Error in my derivation of $\binom{2n-1}{n}$ as number of partitions of $n$

Does a formula for the number of partitions of an integer exist? Given that this sequence is in the OEIS (https://oeis.org/A000041) I would guess not.

However I have an intuitive way of counting them, which apparently must be wrong.

For any integer n, we can write the integer as an equation $x_1 + x_2 + ... + x_n = n$ where $x_1, x_2, ..., x_n$ are integers. For example we could have $x_1=n-1, x_2=1, x_3=...=x_n=0$, or $x_1=n-3, x_2=1, x_3=2, x_4=...=x_n=0$, or $x_1=n, x_2=...=x_n=0$, and so on.

The number of solutions to this equation can be determined with stars and bars method of combinatorics to be $2n-1 \choose n$, which equals $\frac{(2n-1)!}{n! (n-1)!}$. Would this not serve as a general formula for the number of partitions of the integer $n$?

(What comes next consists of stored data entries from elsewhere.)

lemma kernel_basis:
  assumes "nonzero3 a"
  shows "\<exists>y1 y2. lform a y1 = 0 \<and> lform a y2 = 0 \<and> spans_kernel a y1 y2 \<and>
           (\<forall>s t. (\<forall>i<3. s * y1 i + t * y2 i = 0) \<longrightarrow> s = 0 \<and> t = 0)"
proof -
  consider "a 0 \<noteq> 0" | "a 1 \<noteq> 0" | "a 2 \<noteq> 0"
    using assms unfolding nonzero3_def ex_less_3 by blast
  then show ?thesis
  proof cases
    case 1
    then show ?thesis
      by (intro kernel_basis_at[of a 0 1 2]) simp_all
  next
    case 2
    then show ?thesis
      by (intro kernel_basis_at[of a 1 0 2]) simp_all
  next
    case 3
    then show ?thesis
      by (intro kernel_basis_at[of a 2 0 1]) simp_all
  qed
qed

lemma binary_quadratic_two_roots:
  fixes A B C :: "'a::field"
  assumes alg_closed: "algebraically_closed TYPE('a)"
    and nondegenerate: "\<And>s t. A * s\<^sup>2 + B * s * t + C * t\<^sup>2 = 0 \<Longrightarrow>
      2 * A * s + B * t = 0 \<Longrightarrow> B * s + 2 * C * t = 0 \<Longrightarrow> s = 0 \<and> t = 0"
  shows "\<exists>s1 t1 s2 t2. A * s1\<^sup>2 + B * s1 * t1 + C * t1\<^sup>2 = 0 \<and>
           A * s2\<^sup>2 + B * s2 * t2 + C * t2\<^sup>2 = 0 \<and> s1 * t2 \<noteq> s2 * t1"
proof (cases "A = 0")
  case True
  then have "B \<noteq> 0"
    using nondegenerate[of 1 0] by auto
  then show ?thesis
    using True by (intro exI[of _ 1] exI[of _ 0] exI[of _ C] exI[of _ "- B"])
      (simp add: power2_eq_square)
next
  case False
  then have "degree [:C, B, A:] = 2"
    by simp
  then obtain x1 where "poly [:C, B, A:] x1 = 0"
    using alg_closed unfolding algebraically_closed_def by (metis zero_less_numeral)
  then have root: "A * x1\<^sup>2 + B * x1 + C = 0"
    by (simp add: algebra_simps power2_eq_square)
  define x2 where "x2 = - B / A - x1"
  have sum: "A * (x1 + x2) = - B"
    unfolding x2_def using False by (simp add: field_simps)
  have "A * x1 * x2 = x1 * (A * (x1 + x2)) - A * x1 * x1"
    by (simp add: algebra_simps)
  also have "\<dots> = C"
    using sum root by (simp add: power2_eq_square) algebra
  finally have product: "A * x1 * x2 = C" .
  have "A * x2\<^sup>2 + B * x2 + C = 0"
    using sum product by algebra
  moreover have "x1 \<noteq> x2"
  proof
    assume "x1 = x2"
    then have sum': "A * (x1 + x1) = - B" and product': "A * x1 * x1 = C"
      using sum product by simp_all
    then have "2 * A * x1 + B * 1 = 0"
      by algebra
    moreover have "B * x1 + 2 * C * 1 = 0"
      using sum' product' by algebra
    ultimately show False
      using nondegenerate[of x1 1] root by simp
  qed
  ultimately show ?thesis
    using root by (intro exI[of _ x1] exI[of _ 1] exI[of _ x2] exI[of _ 1]) simp
qed
(* Let $p\ge1$ and let $\mathcal{Q}_*$ be the set of finite discrete probability measures $G$ on $\mathbb{R}^d\times S_d^{++}(\mathbb{R})$ such that $\int d((\mu,\Sigma),(\mu_0,\Sigma_0))^p\,dG(\mu,\Sigma)<\infty$ for every $(\mu_0,\Sigma_0)\in\mathbb{R}^d\times S_d^{++}(\mathbb{R})$, where $d((\mu_1,\Sigma_1),(\mu_2,\Sigma_2))=\sqrt{\|\mu_1-\mu_2\|_2^2+0.25\,\log(\lambda_{\max}(\Sigma_1,\Sigma_2))^2}$ and $\lambda_{\max}(\Sigma_1,\Sigma_2)$ is the largest eigenvalue of the generalized eigenvalue problem $\Sigma_1u=\lambda\Sigma_2u$. Then $\text{SMix-}W_p(G_1,G_2):=\big(\text{SMix-}W_p^p(G_1,G_2)\big)^{1/p}$ is a metric on $\mathcal{Q}_*$: it is nonnegative, symmetric, satisfies the triangle inequality, and $\text{SMix-}W_p(G_1,G_2)=0$ if and only if $G_1=G_2$.
   Context: $S_d^{++}(\mathbb{R})$ is the set of $d\times d$ real symmetric positive definite matrices. Let $\mathbb{S}=\{w\in\mathbb{R}^2:\|w\|_2=1\}$ and $\mathbb{S}^{d-1}=\{v\in\mathbb{R}^d:\|v\|_2=1\}$, with $\mathcal{U}(\cdot)$ the uniform distribution. For $v\in\mathbb{S}^{d-1}$ and $w=(w_1,w_2)\in\mathbb{S}$ set $P_{v,w}(\mu,\Sigma)=w_1\langle v,\mu\rangle+w_2\log\big(\sqrt{v^\top\Sigma v}\big)$. For finite discrete probability measures $G_1,G_2$ on $\mathbb{R}^d\times S_d^{++}(\mathbb{R})$ the sliced mixture Wasserstein distance is $$\text{SMix-}W_p^p(G_1,G_2)=\mathbb{E}_{(w,v)\sim\mathcal{U}(\mathbb{S})\otimes\mathcal{U}(\mathbb{S}^{d-1})}\big[W_p^p(P_{v,w}\sharp G_1,P_{v,w}\sharp G_2)\big],$$ where $\sharp$ denotes push-forward and $W_p^p(\alpha,\beta)=\inf_{\pi\in\Pi(\alpha,\beta)}\int|x-y|^p\,d\pi(x,y)$ is the $p$-th power of the Wasserstein-$p$ distance between probability measures on $\mathbb{R}$. *)

theory Defs
  imports "HOL-Probability.Probability"
begin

There isn't a closed formula for the partitions of an integer, even though Ramanujan created a formula that approximates the result:

$$p(n) \sim \frac{\exp\left(\pi \sqrt{\frac{3n}{2}} \right)}{4n\sqrt{3}} $$

But this approximation only works when n is very large. To calculate the partitions of an integer, computations often rely on the partitions of the previous integers. This interactive document that you can find on the Wikipedia page of partitions is the one that helped me understand better how we compute partitions.